Allergen immunotherapy: What is the added value of real-world evidence from retrospective claims database studies?
Devillier P, Demoly P, Molimard M
Expert Review of Respiratory Medicine 2020; Published online ahead of print (4 March)

While randomized controlled trials (RCTs) have demonstrated that allergen immunotherapy (AIT) has proven long-term efficacy in patients with allergic rhinitis (AR), they have limited generalizability and there is growing recognition that real-world evidence (RWE) is necessary to provide complementary data to those of RCTs and corroborate their findings in the real world setting. Until recently, data from the real-world setting investigating the benefits of AIT for the treatment of patients with grass and birch pollen-associated AR were sparse. New retrospective claims database studies from France and Germany have confirmed the sustained benefits of grass and birch pollen AIT in terms of significantly reduced progression of AR and asthma, and a significantly decreased risk of new-onset asthma. In this article, the authors explore the value of RWE, alongside data from traditional RCTs, focusing on the potential strengths and limitations of each.

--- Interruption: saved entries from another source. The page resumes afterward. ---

lemma S1_element_zero_eq:
  assumes q: "0 < q" "q < 1"
  shows "S1_element q x 0 =
         q ^ nat \<bar>x\<bar> * psi_norm2_avoiding q x (if x \<ge> 1 then -1 else 0) * (1 / (2 * psi_norm2 q 0))"
proof -
  have norm2_pos: "0 < psi_norm2 q 0"
    by (rule psi_norm2_pos[OF q])
  have norm2_minus_one: "psi_norm2 q (-1) = psi_norm2 q 0"
    using psi_norm2_eq[OF q(1), of "-1"] q by simp
  have "S1_element q x 0 =
      (\<Sum>\<^sub>\<infinity>G\<in>configs. psi q 0 G * psi q (-1) (flip x G) * (1 / (2 * psi_norm2 q 0)))"
    unfolding S1_element_eq_infsum
    by (rule infsum_cong) (use norm2_pos in \<open>simp add: ket_eq norm2_minus_one mult_ac\<close>)
  also have "\<dots> = (\<Sum>\<^sub>\<infinity>G\<in>configs. psi q 0 G * psi q (-1) (flip x G)) * (1 / (2 * psi_norm2 q 0))"
    by (rule infsum_cmult_left')
  also have "(\<Sum>\<^sub>\<infinity>G\<in>configs. psi q 0 G * psi q (-1) (flip x G)) =
             q ^ nat \<bar>x\<bar> * psi_norm2_avoiding q x (if x \<ge> 1 then -1 else 0)"
  \<comment> \<open>Flipping x lowers the charge by removing x if x \<ge> 1 and by adding it if x \<le> 0;
    in the first case the roles of psi_0 and psi_(-1) are exchanged by the symmetry of S1_x.\<close>
  proof (cases "x \<ge> 1")
    case True
    have "(\<Sum>\<^sub>\<infinity>G\<in>configs. psi q 0 G * psi q (-1) (flip x G)) =
          (\<Sum>\<^sub>\<infinity>G\<in>configs. psi q (-1) G * psi q (-1 + site_sign x) (flip x G))"
      using True by (simp add: site_sign_def infsum_psi_mul_psi_flip_commute[of q 0])
    then show ?thesis
      using True infsum_psi_mul_psi_flip[of q "-1" x] by simp
  next
    case False
    then show ?thesis
      using infsum_psi_mul_psi_flip[of q 0 x] by (simp add: site_sign_def)
  qed
  finally show ?thesis .
qed

definition S1_term :: "real \<Rightarrow> int \<Rightarrow> nat \<Rightarrow> real" where
  "S1_term q x j = (-1) ^ j * q ^ (j * (j + 1)) * (q ^ (1 + 2 * j)) ^ nat \<bar>x\<bar> / 2"

lemma abs_S1_term_le:
  assumes q: "0 < q" "q < 1"
  shows "\<bar>S1_term q x j\<bar> \<le> q ^ j * q ^ nat \<bar>x\<bar>"
proof -
  have "q ^ (j * (j + 1)) \<le> q ^ j"
    using q by (intro power_decreasing) auto
  moreover have "(q ^ (1 + 2 * j)) ^ nat \<bar>x\<bar> \<le> q ^ nat \<bar>x\<bar>"
    using q power_decreasing[of 1 "1 + 2 * j" q] by (intro power_mono) auto
  ultimately have "q ^ (j * (j + 1)) * (q ^ (1 + 2 * j)) ^ nat \<bar>x\<bar> \<le> q ^ j * q ^ nat \<bar>x\<bar>"
    using q by (intro mult_mono) auto
  moreover have "\<bar>S1_term q x j\<bar> = q ^ (j * (j + 1)) * (q ^ (1 + 2 * j)) ^ nat \<bar>x\<bar> / 2"
    using q by (simp add: S1_term_def abs_mult power_abs)
  moreover have "0 \<le> q ^ j * q ^ nat \<bar>x\<bar>"
    using q by simp
  ultimately show ?thesis
    by linarith
qed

Adherence to prescribed e-diary recording by patients with seasonal allergic rhinitis: Observational study
Di Fraia M, Tripodi S, Arasi S, Dramburg S, Castelli S et al.
Journal of Medical Internet Research 2020;22(3):e16642

Electronic clinical diaries allow recording of disease severity scores in tandem with pollen exposure, which aids in making a clear diagnosis of seasonal allergic rhinitis. Unfortunately, prior studies have shown that patients who spontaneously download an e-diary app have a very low adherence to their recording. The objective of this study was to assess adherence of patients with seasonal allergic rhinitis to symptom recording via e-diary as explicitly prescribed by an allergist (within a blended care approach). In the pilot phase of the study, the authors recruited Italian children (Rome, Italy) and adults (Pordenone, Italy) with seasonal allergic rhinitis and instructed them to record their symptoms, medication intake, and general conditions daily through a mobile app (Allergy.Monitor) during the relevant pollen season. In the 194 subjects recruited, there was an impressive level of adherence demonstrated, but use slowly declined during monitoring in 3 phases – phase A: first week, ≥1267/1358, 90%; phase B: second to sixth week, 4992/5884, 80% to 90%; and phase C: seventh week onward, 2063/2606, 70% to 80%. The authors conclude that this study supports the use of e-diaries in addition to face-to-face visits for diagnosis and treatment of seasonal allergic rhinitis and deserves further investigation via a real-life study.